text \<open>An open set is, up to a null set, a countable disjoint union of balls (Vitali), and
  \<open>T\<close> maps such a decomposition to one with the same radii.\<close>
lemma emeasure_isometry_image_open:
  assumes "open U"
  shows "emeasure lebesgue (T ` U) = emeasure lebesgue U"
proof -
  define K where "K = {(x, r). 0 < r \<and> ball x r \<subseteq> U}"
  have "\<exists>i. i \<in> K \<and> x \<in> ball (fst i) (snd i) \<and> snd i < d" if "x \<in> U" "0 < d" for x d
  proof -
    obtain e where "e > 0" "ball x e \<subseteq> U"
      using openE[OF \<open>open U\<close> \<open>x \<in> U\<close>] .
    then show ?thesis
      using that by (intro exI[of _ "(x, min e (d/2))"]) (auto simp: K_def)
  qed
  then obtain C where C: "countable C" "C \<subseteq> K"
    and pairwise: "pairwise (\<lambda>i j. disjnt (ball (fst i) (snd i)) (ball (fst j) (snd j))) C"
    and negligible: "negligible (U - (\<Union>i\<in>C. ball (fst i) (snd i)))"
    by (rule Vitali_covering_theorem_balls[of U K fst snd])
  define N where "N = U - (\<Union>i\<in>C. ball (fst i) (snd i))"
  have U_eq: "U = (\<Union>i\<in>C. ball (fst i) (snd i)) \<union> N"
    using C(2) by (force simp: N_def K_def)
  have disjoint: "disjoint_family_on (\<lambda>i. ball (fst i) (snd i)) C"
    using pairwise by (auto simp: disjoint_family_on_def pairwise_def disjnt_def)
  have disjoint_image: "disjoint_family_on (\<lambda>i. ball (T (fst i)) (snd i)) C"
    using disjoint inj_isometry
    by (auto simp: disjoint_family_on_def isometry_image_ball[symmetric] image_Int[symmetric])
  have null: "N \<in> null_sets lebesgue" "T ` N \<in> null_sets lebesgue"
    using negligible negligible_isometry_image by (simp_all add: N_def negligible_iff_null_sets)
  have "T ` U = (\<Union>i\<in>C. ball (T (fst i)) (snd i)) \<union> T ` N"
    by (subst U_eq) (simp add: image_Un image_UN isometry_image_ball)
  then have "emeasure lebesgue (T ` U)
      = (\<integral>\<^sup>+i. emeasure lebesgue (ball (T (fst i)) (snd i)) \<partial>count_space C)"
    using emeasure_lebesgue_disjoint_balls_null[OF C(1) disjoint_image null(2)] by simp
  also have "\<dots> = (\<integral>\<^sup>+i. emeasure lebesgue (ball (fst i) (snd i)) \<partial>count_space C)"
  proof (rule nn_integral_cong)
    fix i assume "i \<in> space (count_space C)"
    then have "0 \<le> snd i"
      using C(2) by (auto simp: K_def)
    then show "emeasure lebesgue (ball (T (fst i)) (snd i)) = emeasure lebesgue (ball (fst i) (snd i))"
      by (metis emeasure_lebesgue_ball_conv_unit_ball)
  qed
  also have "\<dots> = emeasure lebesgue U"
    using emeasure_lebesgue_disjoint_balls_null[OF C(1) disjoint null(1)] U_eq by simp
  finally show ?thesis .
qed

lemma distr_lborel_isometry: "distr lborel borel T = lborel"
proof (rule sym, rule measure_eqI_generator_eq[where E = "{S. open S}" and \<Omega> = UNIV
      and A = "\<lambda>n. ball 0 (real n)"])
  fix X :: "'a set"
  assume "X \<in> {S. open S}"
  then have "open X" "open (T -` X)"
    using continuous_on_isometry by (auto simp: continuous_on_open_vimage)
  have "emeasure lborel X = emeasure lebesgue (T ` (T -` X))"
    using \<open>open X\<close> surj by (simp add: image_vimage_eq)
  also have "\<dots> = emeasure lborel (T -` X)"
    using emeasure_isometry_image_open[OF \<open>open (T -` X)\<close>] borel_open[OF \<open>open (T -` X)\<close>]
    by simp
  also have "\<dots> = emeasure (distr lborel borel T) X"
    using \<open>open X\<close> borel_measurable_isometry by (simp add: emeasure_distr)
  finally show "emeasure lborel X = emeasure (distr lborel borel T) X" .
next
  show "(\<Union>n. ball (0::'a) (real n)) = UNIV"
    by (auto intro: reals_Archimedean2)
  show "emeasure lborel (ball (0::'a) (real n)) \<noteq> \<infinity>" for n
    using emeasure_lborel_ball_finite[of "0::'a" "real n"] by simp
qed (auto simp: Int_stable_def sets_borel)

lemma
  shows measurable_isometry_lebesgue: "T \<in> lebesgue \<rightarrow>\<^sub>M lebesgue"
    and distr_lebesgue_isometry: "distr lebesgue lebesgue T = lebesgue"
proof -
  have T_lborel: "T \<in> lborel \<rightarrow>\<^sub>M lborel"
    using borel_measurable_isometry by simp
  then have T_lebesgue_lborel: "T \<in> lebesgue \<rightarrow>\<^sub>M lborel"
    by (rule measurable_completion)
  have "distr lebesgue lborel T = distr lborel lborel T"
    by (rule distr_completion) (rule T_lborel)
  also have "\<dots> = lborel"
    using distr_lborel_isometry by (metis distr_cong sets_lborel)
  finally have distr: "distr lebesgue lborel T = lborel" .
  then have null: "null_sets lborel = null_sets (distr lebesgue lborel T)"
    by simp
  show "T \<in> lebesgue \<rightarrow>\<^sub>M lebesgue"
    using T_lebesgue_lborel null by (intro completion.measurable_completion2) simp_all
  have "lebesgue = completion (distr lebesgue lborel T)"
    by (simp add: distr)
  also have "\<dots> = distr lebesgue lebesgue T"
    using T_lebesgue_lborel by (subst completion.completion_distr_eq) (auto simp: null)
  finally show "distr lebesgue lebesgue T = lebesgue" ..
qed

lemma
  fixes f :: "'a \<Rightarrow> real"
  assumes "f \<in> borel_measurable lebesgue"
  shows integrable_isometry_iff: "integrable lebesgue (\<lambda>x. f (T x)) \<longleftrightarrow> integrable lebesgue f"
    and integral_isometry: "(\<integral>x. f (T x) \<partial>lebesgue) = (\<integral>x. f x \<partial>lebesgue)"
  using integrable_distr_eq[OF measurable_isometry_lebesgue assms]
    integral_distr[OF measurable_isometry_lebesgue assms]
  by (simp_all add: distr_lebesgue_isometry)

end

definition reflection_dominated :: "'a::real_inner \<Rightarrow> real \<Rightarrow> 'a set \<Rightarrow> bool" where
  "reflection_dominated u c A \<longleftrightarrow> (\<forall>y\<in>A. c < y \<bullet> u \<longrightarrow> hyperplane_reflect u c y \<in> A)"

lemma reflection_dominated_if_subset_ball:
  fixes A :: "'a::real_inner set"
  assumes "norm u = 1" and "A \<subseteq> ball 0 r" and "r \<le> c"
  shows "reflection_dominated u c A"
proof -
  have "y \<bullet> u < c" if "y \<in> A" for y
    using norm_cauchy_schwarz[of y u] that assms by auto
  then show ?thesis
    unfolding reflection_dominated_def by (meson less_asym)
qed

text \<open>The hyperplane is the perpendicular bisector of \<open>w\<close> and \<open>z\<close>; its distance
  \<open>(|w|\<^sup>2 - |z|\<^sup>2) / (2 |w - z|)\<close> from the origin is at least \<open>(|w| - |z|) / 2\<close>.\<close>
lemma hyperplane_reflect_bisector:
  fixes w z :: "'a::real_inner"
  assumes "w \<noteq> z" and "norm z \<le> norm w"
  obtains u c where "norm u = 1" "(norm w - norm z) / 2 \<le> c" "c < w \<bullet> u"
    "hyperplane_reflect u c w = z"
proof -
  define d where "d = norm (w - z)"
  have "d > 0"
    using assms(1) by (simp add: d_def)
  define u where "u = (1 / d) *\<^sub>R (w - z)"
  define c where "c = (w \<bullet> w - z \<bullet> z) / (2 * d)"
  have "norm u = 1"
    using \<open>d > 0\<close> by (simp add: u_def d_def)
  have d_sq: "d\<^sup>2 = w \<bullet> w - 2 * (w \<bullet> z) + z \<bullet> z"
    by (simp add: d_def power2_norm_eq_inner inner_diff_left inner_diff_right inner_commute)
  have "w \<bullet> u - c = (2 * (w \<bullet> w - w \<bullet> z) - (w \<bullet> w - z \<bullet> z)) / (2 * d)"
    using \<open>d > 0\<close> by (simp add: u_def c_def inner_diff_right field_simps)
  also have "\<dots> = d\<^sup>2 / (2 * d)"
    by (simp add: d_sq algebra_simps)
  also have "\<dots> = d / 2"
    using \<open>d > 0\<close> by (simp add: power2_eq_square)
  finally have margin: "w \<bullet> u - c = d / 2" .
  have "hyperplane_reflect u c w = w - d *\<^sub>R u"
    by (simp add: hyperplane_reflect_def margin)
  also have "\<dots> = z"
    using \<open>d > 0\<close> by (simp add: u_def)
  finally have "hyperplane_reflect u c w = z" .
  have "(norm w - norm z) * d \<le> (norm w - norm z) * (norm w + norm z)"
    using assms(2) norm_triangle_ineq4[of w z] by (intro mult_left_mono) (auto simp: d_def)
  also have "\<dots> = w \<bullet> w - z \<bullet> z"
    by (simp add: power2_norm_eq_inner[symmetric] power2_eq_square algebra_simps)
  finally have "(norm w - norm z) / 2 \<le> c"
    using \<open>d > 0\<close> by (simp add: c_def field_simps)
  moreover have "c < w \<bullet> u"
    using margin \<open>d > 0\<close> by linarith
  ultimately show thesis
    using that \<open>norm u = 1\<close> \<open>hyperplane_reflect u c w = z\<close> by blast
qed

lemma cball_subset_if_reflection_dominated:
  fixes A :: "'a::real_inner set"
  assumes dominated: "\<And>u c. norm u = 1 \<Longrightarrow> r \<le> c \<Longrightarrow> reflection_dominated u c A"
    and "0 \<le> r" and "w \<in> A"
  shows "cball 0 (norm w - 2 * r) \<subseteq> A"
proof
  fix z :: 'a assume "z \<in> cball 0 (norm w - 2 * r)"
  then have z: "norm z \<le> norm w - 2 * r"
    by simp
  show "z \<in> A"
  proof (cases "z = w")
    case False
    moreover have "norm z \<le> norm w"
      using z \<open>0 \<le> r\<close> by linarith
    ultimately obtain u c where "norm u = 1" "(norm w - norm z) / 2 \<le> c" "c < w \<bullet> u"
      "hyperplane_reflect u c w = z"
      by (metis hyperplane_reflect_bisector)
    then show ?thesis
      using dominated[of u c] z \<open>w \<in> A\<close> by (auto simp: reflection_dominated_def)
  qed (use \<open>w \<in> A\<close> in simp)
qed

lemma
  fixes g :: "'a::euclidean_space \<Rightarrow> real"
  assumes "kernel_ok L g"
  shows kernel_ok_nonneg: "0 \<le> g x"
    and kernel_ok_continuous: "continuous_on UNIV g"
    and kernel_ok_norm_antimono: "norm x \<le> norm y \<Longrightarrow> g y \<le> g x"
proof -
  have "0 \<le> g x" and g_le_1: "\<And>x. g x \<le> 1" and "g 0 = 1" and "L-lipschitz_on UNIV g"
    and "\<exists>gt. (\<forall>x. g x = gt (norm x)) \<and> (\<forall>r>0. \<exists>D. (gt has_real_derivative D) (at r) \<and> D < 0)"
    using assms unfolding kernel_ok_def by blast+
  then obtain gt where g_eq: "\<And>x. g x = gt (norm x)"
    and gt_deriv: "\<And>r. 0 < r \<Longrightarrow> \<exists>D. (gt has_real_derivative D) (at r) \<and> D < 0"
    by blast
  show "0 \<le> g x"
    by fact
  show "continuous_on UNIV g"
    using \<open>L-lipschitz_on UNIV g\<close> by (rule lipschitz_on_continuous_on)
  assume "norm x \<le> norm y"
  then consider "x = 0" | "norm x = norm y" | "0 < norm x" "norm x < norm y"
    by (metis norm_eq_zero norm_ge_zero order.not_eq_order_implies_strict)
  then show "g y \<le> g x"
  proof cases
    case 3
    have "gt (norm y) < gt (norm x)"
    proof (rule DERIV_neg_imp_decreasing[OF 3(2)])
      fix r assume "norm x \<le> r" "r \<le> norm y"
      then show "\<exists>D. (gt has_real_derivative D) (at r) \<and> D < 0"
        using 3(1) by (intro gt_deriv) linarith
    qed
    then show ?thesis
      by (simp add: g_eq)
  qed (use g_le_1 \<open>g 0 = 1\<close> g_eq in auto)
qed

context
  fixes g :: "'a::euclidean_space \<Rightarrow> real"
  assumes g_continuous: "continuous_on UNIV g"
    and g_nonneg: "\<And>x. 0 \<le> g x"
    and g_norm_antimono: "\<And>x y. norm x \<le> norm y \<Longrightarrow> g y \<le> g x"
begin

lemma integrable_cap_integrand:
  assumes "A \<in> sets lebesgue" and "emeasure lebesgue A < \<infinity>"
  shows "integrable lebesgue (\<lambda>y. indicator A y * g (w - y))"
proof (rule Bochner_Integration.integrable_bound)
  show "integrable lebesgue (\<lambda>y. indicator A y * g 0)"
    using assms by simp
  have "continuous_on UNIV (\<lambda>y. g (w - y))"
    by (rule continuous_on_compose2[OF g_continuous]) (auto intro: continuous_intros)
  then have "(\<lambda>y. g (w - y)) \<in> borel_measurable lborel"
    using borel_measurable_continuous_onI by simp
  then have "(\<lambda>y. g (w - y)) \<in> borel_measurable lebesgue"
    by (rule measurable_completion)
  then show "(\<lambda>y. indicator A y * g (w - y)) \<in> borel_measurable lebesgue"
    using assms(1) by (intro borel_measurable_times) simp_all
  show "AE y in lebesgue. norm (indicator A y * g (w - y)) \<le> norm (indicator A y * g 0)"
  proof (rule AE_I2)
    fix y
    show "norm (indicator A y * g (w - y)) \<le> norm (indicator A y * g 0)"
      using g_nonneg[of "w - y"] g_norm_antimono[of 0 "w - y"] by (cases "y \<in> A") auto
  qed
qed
------------------------
### Assigned task
From the entries above, collect every line with the string "ultimately" in it.

### Response to the exercise
  ultimately show thesis
    ultimately obtain u c where "norm u = 1" "(norm w - norm z) / 2 \<le> c" "c < w \<bullet> u"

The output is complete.